Please write out exactly the lines of the data below from the line holding "poly (map_poly of_int" through the line holding "p dvd coeff", and leave out the rest.

======

theorem lemma3p3:
  fixes l p :: nat and U :: "nat \<Rightarrow> int mat" and P :: "int poly"
  assumes l_prime: "prime l" and l_gt: "l > 44" and p_prime: "prime p"
    and U_zl: "zl_matrix l 22 U"
    and i: "l dvd p - 1"
    and ii: "mat_cong (U 1) (1\<^sub>m 22) (int l)"
    and iii: "\<forall>n k. [coeff (det_one_minus_t (U n)) k = coeff P k] (mod (int l ^ n))"
    and iv: "\<forall>z::complex. poly (map_poly of_int (recip_poly 22 P)) z = 0 \<longrightarrow> cmod z = real p"
    and v: "int p dvd coeff P 1"
  shows "\<exists>m. \<forall>n. mat_cong ((U n - of_nat p \<cdot>\<^sub>m 1\<^sub>m 22) ^\<^sub>m m) (0\<^sub>m 22 22) (int l ^ n)"
proof -
  have U: "U n \<in> carrier_mat 22 22" for n
    using U_zl by (simp add: zl_matrix_def)
  have p: "p > 0" using p_prime by (simp add: prime_gt_0_nat)
  have "[coeff P 0 = 1] (mod int l ^ n)" for n
    using iii[rule_format, of n 0] coeff_0_det_one_minus_t[OF U] by (simp add: cong_sym_eq)
  then have b0: "coeff P 0 = 1"
    using l_gt by (intro cong_all_powers_imp_eq[of l]) auto
  have "[coeff (det_one_minus_t (U 1)) 1 = coeff P 1] (mod int l)"
    using iii[rule_format, of 1 1] by simp
  then have b1: "[coeff P 1 = - 22] (mod int l)"
    using cong_trans[OF cong_sym coeff_1_det_one_minus_t_cong[OF U ii]] by simp
  have "int l dvd int (p - 1)"
    using i by simp
  then have "[int p = 1] (mod int l)"
    using p by (simp add: cong_iff_dvd_diff of_nat_diff)
  then have "recip_poly 22 P = [:- int p, 1:] ^ 22"
    using l_gt b1 by (intro recip_poly_eq_linear_power[OF _ _ p _ b0 _ v iv]) simp_all
  then have coeff_P: "coeff P k = coeff ([:1, - int p:] ^ 22) k" if "k \<le> 22" for k
    using that by (rule coeff_eq_if_recip_poly_eq_linear_power)
  show ?thesis
  proof (intro exI allI)
    fix n
    show "mat_cong ((U n - of_nat p \<cdot>\<^sub>m 1\<^sub>m 22) ^\<^sub>m 22) (0\<^sub>m 22 22) (int l ^ n)"
      using iii coeff_P by (intro mat_cong_power_zero_if_det_one_minus_t_cong[OF U]) metis
  qed
qed

end
(* Let $N\ge1$, $\alpha>0$, and let $u_0\in L^1(\mathbb{R}^N)\cap L^2(\mathbb{R}^N)$ satisfy $\int_{\mathbb{R}^N}u_0(x)\,dx>0$. Let $u$ be the solution of $$\frac{\partial u}{\partial t}+(-\Delta)^\alpha u=0 \text{ on }(0,\infty)\times\mathbb{R}^N,\qquad u(0,x)=u_0(x),$$ i.e. $u(t,x)=(2\pi)^{-N/2}\int_{\mathbb{R}^N}e^{-t|\omega|^{2\alpha}}\widehat{u}_0(\omega)e^{i\omega\cdot x}\,d\omega$. Then for every compact set $K\subseteq\mathbb{R}^N$ there exists $T\ge0$, depending on $u_0$ and $K$, such that $u(t,x)>0$ for all $(t,x)\in[T,\infty)\times K$.
   Context: The Fourier transform is $\widehat{u}_0(\omega)=(2\pi)^{-N/2}\int_{\mathbb{R}^N}u_0(x)e^{-i\omega\cdot x}\,dx$; $(-\Delta)^\alpha$ is the operator with Fourier symbol $|\omega|^{2\alpha}$. *)

theory Defs
  imports "HOL-Analysis.Analysis"
begin

definition fourier :: "('a::euclidean_space \<Rightarrow> real) \<Rightarrow> 'a \<Rightarrow> complex" where
  "fourier u0 \<omega> =
     complex_of_real ((2 * pi) powr (- real DIM('a) / 2)) *
     (\<integral>x. complex_of_real (u0 x) * exp (- \<i> * complex_of_real (\<omega> \<bullet> x)) \<partial>lborel)"

definition frac_heat_sol :: "real \<Rightarrow> ('a::euclidean_space \<Rightarrow> real) \<Rightarrow> real \<Rightarrow> 'a \<Rightarrow> complex" where
  "frac_heat_sol \<alpha> u0 t x =
     complex_of_real ((2 * pi) powr (- real DIM('a) / 2)) *
     (\<integral>\<omega>. complex_of_real (exp (- t * norm \<omega> powr (2 * \<alpha>))) * fourier u0 \<omega>
            * exp (\<i> * complex_of_real (\<omega> \<bullet> x)) \<partial>lborel)"

end

theory Submission
  imports Defs "HOL-Probability.Sinc_Integral" "HOL-Real_Asymp.Real_Asymp"
begin

text \<open>The Fourier transform F of u0 is bounded by (2 pi)^(-N/2) * ||u0||_1 and continuous
  with F(0) = (2 pi)^(-N/2) * integral u0 > 0, so for x in the bounded set K the real part of
  F(w) exp(i w . x) exceeds F(0)/2 on a small ball |w| \<le> d. As t grows, the weight
  exp(-t |w|^(2 alpha)) concentrates at w = 0: its mass on |w| < d/2 decays no faster than
  exp(-t (d/2)^(2 alpha)), the weighted tail over |w| > d like exp(-t d^(2 alpha)), so the
  positive contribution wins. The solution is real because F(-w) = cnj (F w).\<close>

lemma exp_neg_le_fact_div_power:
  fixes y :: real
  assumes "y > 0"
  shows "exp (- y) \<le> fact k / y ^ k"
proof -
  have "(\<Sum>n\<in>{k}. y ^ n /\<^sub>R fact n) \<le> (\<Sum>n. y ^ n /\<^sub>R fact n)"
    using assms by (intro sum_le_suminf summable_exp_generic) auto
  then have "y ^ k / fact k \<le> exp y"
    by (simp add: exp_def divide_inverse mult.commute)
  then show ?thesis
    using assms by (simp add: exp_minus field_simps)
qed

lemma exp_neg_abs_powr_le_inverse_1_plus_square:
  fixes s \<alpha> :: real
  assumes s: "s > 0" and \<alpha>: "\<alpha> > 0"
  obtains C where "\<And>r::real. exp (- s * \<bar>r\<bar> powr (2 * \<alpha>)) \<le> C * inverse (1 + r\<^sup>2)"
proof -
  define k where "k = nat \<lceil>1 / \<alpha>\<rceil>"
  have "1 / \<alpha> \<le> real k"
    unfolding k_def by linarith
  then have k: "2 \<le> 2 * \<alpha> * real k"
    using \<alpha> by (simp add: field_simps)
  define C where "C = 2 * max 1 (fact k / s ^ k)"
  have "exp (- s * \<bar>r\<bar> powr (2 * \<alpha>)) \<le> C * inverse (1 + r\<^sup>2)" for r :: real
  proof (cases "\<bar>r\<bar> \<ge> 1")
    case True
    have "r\<^sup>2 = \<bar>r\<bar> powr 2"
      using True by (simp add: powr_numeral)
    also have "\<dots> \<le> \<bar>r\<bar> powr (2 * \<alpha> * real k)"
      using True k by (intro powr_mono) auto
    also have "\<dots> = (\<bar>r\<bar> powr (2 * \<alpha>)) ^ k"
      using True by (simp add: powr_powr[symmetric] powr_realpow)
    finally have "s ^ k * r\<^sup>2 \<le> (s * \<bar>r\<bar> powr (2 * \<alpha>)) ^ k"
      using s by (simp add: power_mult_distrib)
    then have "fact k / (s * \<bar>r\<bar> powr (2 * \<alpha>)) ^ k \<le> fact k / (s ^ k * r\<^sup>2)"
      using s True by (intro divide_left_mono) auto
    moreover have "exp (- (s * \<bar>r\<bar> powr (2 * \<alpha>))) \<le> fact k / (s * \<bar>r\<bar> powr (2 * \<alpha>)) ^ k"
      using s True by (intro exp_neg_le_fact_div_power) auto
    moreover have "fact k / (s ^ k * r\<^sup>2) \<le> C * inverse (1 + r\<^sup>2)"
    proof -
      have "1 \<le> r\<^sup>2"
        using True one_le_power[of "\<bar>r\<bar>" 2] by simp
      then have "inverse (r\<^sup>2) \<le> 2 * inverse (1 + r\<^sup>2)"
        by (simp add: inverse_eq_divide divide_simps)
      then have "fact k / s ^ k * inverse (r\<^sup>2) \<le> fact k / s ^ k * (2 * inverse (1 + r\<^sup>2))"
        using s by (intro mult_left_mono) auto
      also have "\<dots> = 2 * (fact k / s ^ k) * inverse (1 + r\<^sup>2)"
        by (simp only: ac_simps)
      also have "\<dots> \<le> C * inverse (1 + r\<^sup>2)"
        unfolding C_def by (intro mult_right_mono) auto
      finally show ?thesis
        by (simp add: divide_inverse mult.assoc)
    qed
    ultimately show ?thesis
      by simp
  next
    case False
    then have "r\<^sup>2 \<le> 1"
      by (simp add: abs_square_le_1)
    have "exp (- s * \<bar>r\<bar> powr (2 * \<alpha>)) \<le> 1"
      using s by simp
    also have "1 \<le> 2 * inverse (1 + r\<^sup>2)"
      using \<open>r\<^sup>2 \<le> 1\<close> by (simp add: field_simps add_pos_nonneg)
    also have "\<dots> \<le> C * inverse (1 + r\<^sup>2)"
      unfolding C_def by (intro mult_right_mono) auto
    finally show ?thesis .
  qed
  then show ?thesis
    using that by blast
qed

lemma nn_integral_exp_neg_abs_powr_finite:
  fixes s \<alpha> :: real
  assumes "s > 0" and "\<alpha> > 0"
  shows "(\<integral>\<^sup>+r. ennreal (exp (- s * \<bar>r\<bar> powr (2 * \<alpha>))) \<partial>lborel) < \<infinity>"
proof -
  obtain C where C: "\<And>r::real. exp (- s * \<bar>r\<bar> powr (2 * \<alpha>)) \<le> C * inverse (1 + r\<^sup>2)"
    using exp_neg_abs_powr_le_inverse_1_plus_square[OF assms] by blast
  have "C \<ge> 0"
    using C[of 0] by simp
  have "integrable lborel (\<lambda>r::real. C * inverse (1 + r\<^sup>2))"
    using integrable_inverse_1_plus_square unfolding set_integrable_def einterval_eq_UNIV
    by (intro integrable_mult_right) simp
  then have "(\<integral>\<^sup>+r. ennreal (C * inverse (1 + r\<^sup>2)) \<partial>lborel) < \<infinity>"
    using \<open>C \<ge> 0\<close> by (subst nn_integral_eq_integral) (auto simp: add_pos_nonneg)
  moreover have "(\<integral>\<^sup>+r. ennreal (exp (- s * \<bar>r\<bar> powr (2 * \<alpha>))) \<partial>lborel)
      \<le> (\<integral>\<^sup>+r. ennreal (C * inverse (1 + r\<^sup>2)) \<partial>lborel)"
    using C by (intro nn_integral_mono) (simp add: ennreal_leI)
  ultimately show ?thesis
    by (simp add: order_le_less_trans)
qed

text \<open>The weight exp(-t |w|^(2 alpha)) is dominated by a product of one-dimensional
  weights, since |w . b| \<le> |w| for every basis vector b.\<close>

lemma integrable_exp_neg_norm_powr:
  fixes t \<alpha> :: real
  assumes t: "t > 0" and \<alpha>: "\<alpha> > 0"
  shows "integrable lborel (\<lambda>\<omega>::'a::euclidean_space. exp (- t * norm \<omega> powr (2 * \<alpha>)))"
proof (rule integrableI_bounded)
  define s where "s = t / real DIM('a)"
  have s: "s > 0"
    unfolding s_def using t by auto
  have "exp (- t * norm \<omega> powr (2 * \<alpha>)) \<le> (\<Prod>b\<in>Basis. exp (- s * \<bar>\<omega> \<bullet> b\<bar> powr (2 * \<alpha>)))"
    for \<omega> :: 'a
  proof -
    have "(\<Sum>b\<in>Basis. s * \<bar>\<omega> \<bullet> b\<bar> powr (2 * \<alpha>)) \<le> (\<Sum>b\<in>(Basis::'a set). s * norm \<omega> powr (2 * \<alpha>))"
      using s \<alpha> by (intro sum_mono mult_left_mono powr_mono2 Basis_le_norm) auto
    also have "\<dots> = t * norm \<omega> powr (2 * \<alpha>)"
      unfolding s_def by simp
    finally show ?thesis
      by (simp add: exp_sum[symmetric] sum_negf)
  qed
  then have "(\<integral>\<^sup>+\<omega>. ennreal (norm (exp (- t * norm (\<omega>::'a) powr (2 * \<alpha>)))) \<partial>lborel)
      \<le> (\<integral>\<^sup>+\<omega>. (\<Prod>b\<in>Basis. ennreal (exp (- s * \<bar>(\<omega>::'a) \<bullet> b\<bar> powr (2 * \<alpha>)))) \<partial>lborel)"
    by (intro nn_integral_mono) (simp add: prod_ennreal ennreal_leI)
  also have "\<dots> = (\<Prod>b\<in>(Basis::'a set). \<integral>\<^sup>+r. ennreal (exp (- s * \<bar>r\<bar> powr (2 * \<alpha>))) \<partial>lborel)"
    by (rule nn_integral_lborel_prod) auto
  also have "\<dots> < \<infinity>"
    using nn_integral_exp_neg_abs_powr_finite[OF s \<alpha>] by (simp add: power_less_top_ennreal)
  finally show "(\<integral>\<^sup>+\<omega>. ennreal (norm (exp (- t * norm (\<omega>::'a) powr (2 * \<alpha>)))) \<partial>lborel) < \<infinity>" .
qed simp

lemma integral_lborel_reflect:
  fixes f :: "'a::euclidean_space \<Rightarrow> 'b::{banach, second_countable_topology}"
  assumes "f \<in> borel_measurable borel"
  shows "(\<integral>x. f (- x) \<partial>lborel) = (\<integral>x. f x \<partial>lborel)"
proof -
  have "(lborel :: 'a measure) = density (distr lborel borel (\<lambda>x. 0 + (-1::real) *\<^sub>R x)) (\<lambda>_. \<bar>-1::real\<bar> ^ DIM('a))"
    by (rule lborel_affine) simp
  then have "distr lborel borel uminus = (lborel :: 'a measure)"
    by (simp add: density_1)
  then have "(\<integral>x. f x \<partial>lborel) = (\<integral>x. f x \<partial>distr lborel borel uminus)"
    by simp
  also have "\<dots> = (\<integral>x. f (- x) \<partial>lborel)"
    using assms by (intro integral_distr) auto
  finally show ?thesis
    by simp
qed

======

Task answer |
    and iv: "\<forall>z::complex. poly (map_poly of_int (recip_poly 22 P)) z = 0 \<longrightarrow> cmod z = real p"
    and v: "int p dvd coeff P 1"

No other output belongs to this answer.